Thanks @ken1th, thanks again for spotting this. The issue was related to the internal call to multRepl() that your choice of arguments makes. The settings for z.warning/z.delete at the top level were not being transferred to multRepl() internally, so the messages were actually produced by this latter function when finding zeros over the default threshold.

It is sorted now and the revised version 1.5.0-3 is already available here on Github for you to install, and it has been also sent to CRAN where should be available in a few days.

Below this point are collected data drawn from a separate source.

lemma constant_on_component:
  assumes "X \<in> components V E'" "x \<in> X" "y \<in> X" "E' \<subseteq> E - cut_edges E side"
  shows "side x = side y"
proof -
  obtain v where "X = component_of E' V v" using assms(1) unfolding components_eq_image by blast
  then have "(v, x) \<in> (edgerel E')\<^sup>*" "(v, y) \<in> (edgerel E')\<^sup>*"
    using assms(2,3) unfolding component_of_def by blast+
  then have "side v = side x" "side v = side y"
    using side_constant_along_uncut_edges[OF _ assms(4)] by blast+
  then show ?thesis by simp
qed

lemma cut_edges_component_subset:
  assumes "\<forall>e\<in>E. e \<subseteq> V"
  shows "cut_edges E (\<lambda>w. w \<in> component_of (E - D) V u) \<subseteq> D"
proof
  let ?K = "component_of (E - D) V u"
  fix e assume "e \<in> cut_edges E (\<lambda>w. w \<in> ?K)"
  then obtain a b where e: "e = {a, b}" "e \<in> E" "a \<in> ?K" "b \<notin> ?K" by (rule cut_edgesE)
  show "e \<in> D"
  proof (rule ccontr)
    assume "e \<notin> D"
    then have "{a, b} \<in> E - D" using e(1,2) by simp
    moreover have "b \<in> V" using assms e(1,2) by blast
    ultimately have "b \<in> ?K" by (rule component_of_closed[OF e(3)])
    with e(4) show False ..
  qed
qed

lemma cut_edges_across_two_components:
  assumes X: "X \<in> components V (E - D)" and Y: "Y \<in> components V (E - D)"
    and across: "\<forall>e\<in>D. \<exists>x y. e = {x, y} \<and> x \<in> X \<and> y \<in> Y" and "D \<subseteq> E"
    and sub: "cut_edges E q \<subseteq> D" and ne: "cut_edges E q \<noteq> {}"
  shows "cut_edges E q = D"
proof -
  have uncut: "E - D \<subseteq> E - cut_edges E q" using sub by blast
  obtain e' where e': "e' \<in> cut_edges E q" using ne by blast
  then have "e' \<in> D" using sub by blast
  then obtain x y where xy: "e' = {x, y}" "x \<in> X" "y \<in> Y" using across by blast
  have "q x \<noteq> q y" using e' unfolding xy(1) by (simp add: doubleton_in_cut_edges_iff)
  have "e \<in> cut_edges E q" if eD: "e \<in> D" for e
  proof -
    obtain x' y' where e: "e = {x', y'}" "x' \<in> X" "y' \<in> Y" using across eD by blast
    have "q x' = q x" "q y' = q y"
      using constant_on_component[OF X e(2) xy(2) uncut]
        constant_on_component[OF Y e(3) xy(3) uncut] .
    with \<open>q x \<noteq> q y\<close> \<open>D \<subseteq> E\<close> eD show ?thesis unfolding e(1)
      by (auto simp: doubleton_in_cut_edges_iff)
  qed
  with sub show ?thesis by blast
qed

section \<open>The hexagonal lattice\<close>

definition d_edge :: "int \<Rightarrow> int \<Rightarrow> vert set" where
  "d_edge b j = {(j, b, False), (j, b, True)}"

definition v_edge :: "int \<Rightarrow> int \<Rightarrow> vert set" where
  "v_edge b j = {(j - 1, b, True), (j, b, False)}"

definition h_edge :: "int \<Rightarrow> int \<Rightarrow> vert set" where
  "h_edge b j = {(j, b, False), (j, b - 1, True)}"

definition lattice_edges :: "vert set set" where
  "lattice_edges = range (case_prod d_edge) \<union> range (case_prod v_edge) \<union> range (case_prod h_edge)"

lemma d_edge_lattice [simp]: "d_edge b j \<in> lattice_edges"
  and v_edge_lattice [simp]: "v_edge b j \<in> lattice_edges"
  and h_edge_lattice [simp]: "h_edge b j \<in> lattice_edges"
  unfolding lattice_edges_def by (auto intro!: rev_image_eqI[of "(b, j)"])

lemma lattice_edgesE:
  assumes "e \<in> lattice_edges"
  obtains (d) b j where "e = d_edge b j" | (v) b j where "e = v_edge b j"
    | (h) b j where "e = h_edge b j"
  using assms unfolding lattice_edges_def by auto

lemma dual_cells_d_edge: "dual_cells (d_edge b j) = {(j + 1, b), (j, b + 1)}"
  and dual_cells_v_edge: "dual_cells (v_edge b j) = {(j, b), (j, b + 1)}"
  and dual_cells_h_edge: "dual_cells (h_edge b j) = {(j, b), (j + 1, b)}"
  by (auto simp: dual_cells_def d_edge_def v_edge_def h_edge_def tri_def)

lemma dual_cells_lattice_edge:
  assumes "e \<in> lattice_edges"
  obtains c d where "dual_cells e = {c, d}" "c \<noteq> d"
  using assms
  by (cases rule: lattice_edgesE) (auto simp: dual_cells_d_edge dual_cells_v_edge dual_cells_h_edge)

lemma lattice_edge_black_white:
  assumes "e \<in> lattice_edges"
  obtains u v where "e = {u, v}" "black u" "\<not> black v"
  using assms
proof (cases rule: lattice_edgesE)
  case (d b j)
  then show thesis using that[of "(j, b, False)" "(j, b, True)"] by (simp add: d_edge_def black_def)
next
  case (v b j)
  then show thesis using that[of "(j, b, False)" "(j - 1, b, True)"]
    by (simp add: v_edge_def black_def insert_commute)
next
  case (h b j)
  then show thesis using that[of "(j, b, False)" "(j, b - 1, True)"]
    by (simp add: h_edge_def black_def)
qed

lemma card_tri: "card (tri v) = 3"
  by (cases v) (auto simp: tri_def split: bool.split)

lemma tri_pair_determines_vertex:
  assumes "x \<noteq> y" "x \<in> tri (a, b, s)" "y \<in> tri (a, b, s)"
    "x \<in> tri (a', b', s)" "y \<in> tri (a', b', s)"
  shows "(a, b) = (a', b')"
proof (cases s)
  case True
  with assms show ?thesis unfolding tri_def by simp (elim disjE; simp)
next
  case False
  with assms show ?thesis unfolding tri_def by simp (elim disjE; simp)
qed

lemma tri_pair_up_down:
  assumes "x \<noteq> y" "x \<in> tri (a, b, True)" "y \<in> tri (a, b, True)"
    "x \<in> tri (a', b', False)" "y \<in> tri (a', b', False)"
  shows "{(a, b, True), (a', b', False)} \<in> lattice_edges"
proof -
  have "(a', b') \<in> {(a, b), (a + 1, b), (a, b + 1)}"
    using assms unfolding tri_def by simp (elim disjE; simp)
  then have "{(a, b, True), (a', b', False)} \<in> {d_edge b a, v_edge b (a + 1), h_edge (b + 1) a}"
    by (auto simp: d_edge_def v_edge_def h_edge_def)
  then show ?thesis by auto
qed

lemma lat_adj_iff_lattice_edge: "lat_adj u v \<longleftrightarrow> {u, v} \<in> lattice_edges"
proof
  assume "lat_adj u v"
  then obtain x y where xy: "tri u \<inter> tri v = {x, y}" "x \<noteq> y"
    unfolding lat_adj_def by (auto simp: card_2_iff)
  have "u \<noteq> v" using xy card_tri[of u] by auto
  obtain a b s a' b' t where uv: "u = (a, b, s)" "v = (a', b', t)" by (metis prod_cases3)
  have sub: "x \<in> tri u" "y \<in> tri u" "x \<in> tri v" "y \<in> tri v" using xy(1) by auto
  show "{u, v} \<in> lattice_edges"
  proof (cases "s = t")
    case True
    then show ?thesis using tri_pair_determines_vertex[OF xy(2)] sub uv \<open>u \<noteq> v\<close> by auto
  next
    case False
    show ?thesis
    proof (cases s)
      case True
      with False show ?thesis using tri_pair_up_down[OF xy(2)] sub uv by simp
    next
      case s: False
      with False have "{v, u} \<in> lattice_edges" using tri_pair_up_down[OF xy(2)] sub uv by simp
      then show ?thesis by (simp add: insert_commute)
    qed
  qed
next
  assume "{u, v} \<in> lattice_edges"
  then obtain c d where "dual_cells {u, v} = {c, d}" "c \<noteq> d" by (rule dual_cells_lattice_edge)
  then show "lat_adj u v" unfolding lat_adj_def dual_cells_def by simp
qed

text \<open>The six boundary edges of hexagon (a, b), in cyclic order.\<close>

definition hexagon_edges :: "int \<Rightarrow> int \<Rightarrow> vert set list" where
  "hexagon_edges a b =
     [d_edge b (a - 1), v_edge b a, h_edge b a,
      d_edge (b - 1) a, v_edge (b - 1) a, h_edge b (a - 1)]"

lemma distinct_hexagon_edges: "distinct (hexagon_edges a b)"
  by (simp add: hexagon_edges_def d_edge_def v_edge_def h_edge_def doubleton_eq_iff)

lemma hexagon_edges_lattice: "set (hexagon_edges a b) \<subseteq> lattice_edges"
  by (simp add: hexagon_edges_def)

lemma cell_in_dual_cells_iff:
  assumes "e \<in> lattice_edges"
  shows "(a, b) \<in> dual_cells e \<longleftrightarrow> e \<in> set (hexagon_edges a b)"
proof
  assume "(a, b) \<in> dual_cells e"
  with assms show "e \<in> set (hexagon_edges a b)"
    by (cases rule: lattice_edgesE)
      (auto simp: hexagon_edges_def dual_cells_d_edge dual_cells_v_edge dual_cells_h_edge)
next
  assume "e \<in> set (hexagon_edges a b)"
  then show "(a, b) \<in> dual_cells e"
    by (auto simp: hexagon_edges_def dual_cells_d_edge dual_cells_v_edge dual_cells_h_edge)
qed

lemma degree_cell:
  assumes "F \<subseteq> lattice_edges"
  shows "degree dual_cells F (a, b) = (\<Sum>e\<leftarrow>hexagon_edges a b. of_bool (e \<in> F))"
proof -
  have "{e \<in> F. (a, b) \<in> dual_cells e} = set (hexagon_edges a b) \<inter> {e. e \<in> F}"
    using cell_in_dual_cells_iff assms by blast
  then show ?thesis
    unfolding degree_def by (simp add: sum_list_distinct_conv_sum_set[OF distinct_hexagon_edges])
qed

lemma cell_adj_lattice_edge:
  assumes "cell_adj c d"
  shows "\<exists>e\<in>lattice_edges. dual_cells e = {c, d}"
proof -
  obtain a b a' b' where cd: "c = (a, b)" "d = (a', b')" by fastforce
  have "(a' - a, b' - b) \<in> {(1, 0), (-1, 0), (0, 1), (0, -1), (1, -1), (-1, 1)}"
    using assms unfolding cell_adj_def cd by simp
  then consider "a' = a + 1" "b' = b" | "a' = a - 1" "b' = b" | "a' = a" "b' = b + 1"
    | "a' = a" "b' = b - 1" | "a' = a + 1" "b' = b - 1" | "a' = a - 1" "b' = b + 1"
    by auto
  then show ?thesis
  proof cases
    case 1
    then show ?thesis by (intro bexI[of _ "h_edge b a"]) (auto simp: cd dual_cells_h_edge)
  next
    case 2
    then show ?thesis by (intro bexI[of _ "h_edge b (a - 1)"]) (auto simp: cd dual_cells_h_edge)
  next
    case 3
    then show ?thesis by (intro bexI[of _ "v_edge b a"]) (auto simp: cd dual_cells_v_edge)
  next
    case 4
    then show ?thesis by (intro bexI[of _ "v_edge (b - 1) a"]) (auto simp: cd dual_cells_v_edge)
  next
    case 5
    then show ?thesis by (intro bexI[of _ "d_edge (b - 1) a"]) (auto simp: cd dual_cells_d_edge)
  next
    case 6
    then show ?thesis by (intro bexI[of _ "d_edge b (a - 1)"]) (auto simp: cd dual_cells_d_edge)
  qed
qed

section \<open>Even sets of lattice edges are cuts\<close>

definition ray_count :: "(int \<Rightarrow> vert set) \<Rightarrow> vert set set \<Rightarrow> int \<Rightarrow> nat" where
  "ray_count edge F a = card {j. a \<le> j \<and> edge j \<in> F}"

lemma ray_count_step:
  assumes "finite F" "inj edge"
  shows "ray_count edge F a = of_bool (edge a \<in> F) + ray_count edge F (a + 1)"
proof -
  have "finite {j. a + 1 \<le> j \<and> edge j \<in> F}"
    using finite_vimageI[OF assms] by (rule rev_finite_subset) auto
  moreover have "a \<le> j \<longleftrightarrow> j = a \<or> a + 1 \<le> j" for j by auto
  then have "{j. a \<le> j \<and> edge j \<in> F} =
      (if edge a \<in> F then insert a else id) {j. a + 1 \<le> j \<and> edge j \<in> F}"
    by auto
  ultimately show ?thesis unfolding ray_count_def by simp
qed

lemma ray_count_beyond_bound:
  assumes "\<forall>e\<in>F. \<forall>v\<in>e. fst v < M" "\<And>j. (j, b, False) \<in> edge j" "M \<le> a"
  shows "ray_count edge F a = 0"
proof -
  have "{j. a \<le> j \<and> edge j \<in> F} = {}" using assms by fastforce
  then show ?thesis unfolding ray_count_def by (simp only: card.empty)
qed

Moreover, a couple of comments:

  1. You do not need to set closure = 1440 as your data are already closed (you should delete that bit from the command line above).
  2. You might be forcing multivariate imputation too much here? You have several columns that are nearly all zeros. You do not have complete samples to inform the imputation model parameter settings. I can imagine your choice of settings is probably related to the aim of just getting the function up and running, but you should consider if it really makes sense to apply imputation, or multivariate imputation in particular, to this data set. For example, you will see that after the fix (and after removing the closure = 1440 as noted) the function works. But I found it not converging to a solution after having it running for several minutes (I stopped the process in R, but I would not be surprised if the maximum number of iterations is reached after a while or a computation error is thrown). If really wanting to have this data set imputed, maybe one of the univariate alternatives in zCompositions will be a more convenient option, even if still debatable given the very large number of zeros in some variables. Probably a meaningful expert-driven pre-selection of variables and working with a reduced data set that keeps, as much as possible, relevant information would be something to consider.

@Japal Thank you so much for investigating and fixing this so fast!!!! That's impressive! And thank you for the advice, I will have a discussion with my teammates.

@Japal I met the following error after running the function to the synthetic dataset. Is it because of the converging issue you mentioned in the previous reply?

Error in lm.wfit(x, y, w, method = "qr") : incompatible dimensions
In addition: Warning message:
In multRepl(X.old[misspat == npat, , drop = FALSE], label = NA,  :
  Column no. 2 containing >99.2% zeros/unobserved values found (see arguments z.warning and z.delete. Check out with zPatterns()).
Column no. 3 containing >99.2% zeros/unobserved values found (see arguments z.warning and z.delete. Check out with zPatterns()).
Column no. 4 containing >99.2% zeros/unobserved values found (see arguments z.warning and z.delete. Check out with zPatterns()).
Column no. 5 containing >99.2% zeros/unobserved values found (see arguments z.warning and z.delete. Check out with zPatterns()).
Column no. 6 containing >99.2% zeros/unobserved values found (see arguments z.warning and z.delete. Check out with zPatterns()).
Column no. 7 containing >99.2% zeros/unobserved values found (see arguments z.warning and z.delete. Check out with zPatterns()).
Column no. 8 containing >99.2% zeros/unobserved values found (see arguments z.warning and z.delete. Check out with zPatterns()).
Column no. 9 containing >99.2% zeros/unobserved values found (see arguments z.warning and z.delet [... truncated]

@ken1th, probably so. As said, given those columns containing so many zeros in your data set, operations based on conditional expectations are probably facing some numerical issues at some point and making the routine fail. Apparently a zero matrix is produced at some point. If you insist in getting those imputed, one of the column-by-column procedures would probably survive technically.

Thanks for your reply, @Japal ! I guess we may just group some variables together to reduce the proportion of zeros.

Yes, a meaning amalgamation of variables may be a way out and I would recommend you to consider this.